Thank you! Your submission has been received!

Oops! Something went wrong while submitting the form.

April 29, 2026

What came up at an industry panel and a CIO workshop in New York - and why the answers matter more than the technology.

The same questions kept surfacing across two recent industry events - a panel on autonomous customer support in insurance, and a CIO workshop in New York focused on the NAIC AI pilot and what it means for carrier operations.

None of the questions were about whether to adopt AI. That debate is over. The questions were about how to adopt it without creating a governance problem, a trust problem, or a regulatory problem you can't unwind. Here are eleven of them.

‍

Part I: From Automation to Autonomy

From an industry panel on rethinking operations flow, customer support in insurance. Elool Jacoby, CPO at Notch, fielded audience questions. And here are the top questions and best practices for deploying AI agents in regulated industries you should know:

"The insurance industry has experimented with automation for years, often with mixed results. What actually distinguishes autonomous AI from earlier generations of automation - and why is insurance only now ready for this shift?"

"Older automation was really about having different silos in a company, and you'd build these rigid automation routines - RPA and then ML to handle specific tasks. But autonomous AI is more like adding a new kind of employee who can think across different parts of the organization.
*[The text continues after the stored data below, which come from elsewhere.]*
(* Let $A$ be a Hausdorff abelian topological group such that both $\alpha_A$ and $\alpha_{\hat A}$ are continuous. Then the following are equivalent: (i) $\alpha_A^{-1}(F)$ is compact in $A$ for every compact subset $F\subseteq\hat{\hat A}$; (ii) $A$ has the quasi-convex compactness property.
   Context: $\mathbb{T}=\mathbb{R}/\mathbb{Z}$, $\Lambda_1$ is the image of $[-\tfrac14,\tfrac14]$ in $\mathbb{T}$. For an abelian topological group $B$, $\hat B$ is the group of continuous homomorphisms $B\to\mathbb{T}$ with the compact-open topology and $\alpha_B\colon B\to\hat{\hat B}$, $\alpha_B(b)(\chi)=\chi(b)$. For $S\subseteq A$, $S^\vartriangleright=\{\chi\in\hat A\mid\chi(S)\subseteq\Lambda_1\}$; for $\Phi\subseteq\hat A$, $\Phi^\vartriangleleft=\{a\in A\mid\chi(a)\in\Lambda_1\ \forall\chi\in\Phi\}$. $A$ has the quasi-convex compactness property if $K^{\vartriangleright\vartriangleleft}$ is compact for every compact $K\subseteq A$. *)

theory Defs
  imports "HOL-Analysis.Analysis"
begin

text \<open>The circle group T = R/Z is realised as the unit circle in the complex plane,
  via the isomorphism t + Z |-> cis (2 pi t); its topology is the subspace topology.\<close>

definition circle_top :: "complex topology" where
  "circle_top = subtopology euclidean (sphere 0 1)"

definition Lambda1 :: "complex set" where
  "Lambda1 = (\<lambda>t. cis (2 * pi * t)) ` {-1/4 .. 1/4}"

definition compact_open_top :: "'a topology \<Rightarrow> 'b topology \<Rightarrow> ('a \<Rightarrow> 'b) topology" where
  "compact_open_top X Y =
     topology_generated_by {{f. f ` K \<subseteq> U} | K U. compactin X K \<and> openin Y U}"

text \<open>An abelian topological group is given by a topology X (carrier = topspace X) and
  a group operation m. Its dual: continuous homomorphisms into T, represented as
  extensional functions (value undefined outside the carrier).\<close>
definition chars :: "'a topology \<Rightarrow> ('a \<Rightarrow> 'a \<Rightarrow> 'a) \<Rightarrow> ('a \<Rightarrow> complex) set" where
  "chars X m = {\<gamma> \<in> extensional (topspace X). continuous_map X circle_top \<gamma> \<and>
      (\<forall>x\<in>topspace X. \<forall>y\<in>topspace X. \<gamma> (m x y) = \<gamma> x * \<gamma> y)}"

definition char_top :: "'a topology \<Rightarrow> ('a \<Rightarrow> 'a \<Rightarrow> 'a) \<Rightarrow> ('a \<Rightarrow> complex) topology" where
  "char_top X m = subtopology (compact_open_top X circle_top) (chars X m)"

definition char_mult :: "'a topology \<Rightarrow> ('a \<Rightarrow> complex) \<Rightarrow> ('a \<Rightarrow> complex) \<Rightarrow> ('a \<Rightarrow> complex)" where
  "char_mult X \<gamma> \<psi> = restrict (\<lambda>x. \<gamma> x * \<psi> x) (topspace X)"

definition eval_map :: "'a topology \<Rightarrow> ('a \<Rightarrow> 'a \<Rightarrow> 'a) \<Rightarrow> 'a \<Rightarrow> (('a \<Rightarrow> complex) \<Rightarrow> complex)" where
  "eval_map X m b = restrict (\<lambda>\<gamma>. \<gamma> b) (chars X m)"

definition polar_right :: "'a topology \<Rightarrow> ('a \<Rightarrow> 'a \<Rightarrow> 'a) \<Rightarrow> 'a set \<Rightarrow> ('a \<Rightarrow> complex) set" where
  "polar_right X m S = {\<gamma> \<in> chars X m. \<gamma> ` S \<subseteq> Lambda1}"

definition polar_left :: "'a topology \<Rightarrow> ('a \<Rightarrow> 'a \<Rightarrow> 'a) \<Rightarrow> ('a \<Rightarrow> complex) set \<Rightarrow> 'a set" where
  "polar_left X m \<Phi> = {a \<in> topspace X. \<forall>\<gamma>\<in>\<Phi>. \<gamma> a \<in> Lambda1}"

definition qc_compactness_property :: "'a topology \<Rightarrow> ('a \<Rightarrow> 'a \<Rightarrow> 'a) \<Rightarrow> bool" where
  "qc_compactness_property X m \<longleftrightarrow>
     (\<forall>K. compactin X K \<longrightarrow> compactin X (polar_left X m (polar_right X m K)))"

end

theory Submission
  imports Defs
begin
We're not just automating a single repetitive task. We're enabling a system that handles more complex flows and interacts fluidly across different areas.

The insurance industry is ready for this now because the technology is mature enough to handle these complex, cross-silo interactions. It's less about just automating tasks and more about enabling a truly autonomous system that can adapt and make decisions."

‍

"Insurance interactions happen at moments of stress - claims, disputes, financial uncertainty. How do you think about designing AI agents that can earn trust and demonstrate empathy in those situations?"

"It's all about making sure the AI really understands the emotional context. Insurance situations are often stressful, and an AI that can respond in a calm, reassuring way - and know when to hand off to a human if needed - that's key.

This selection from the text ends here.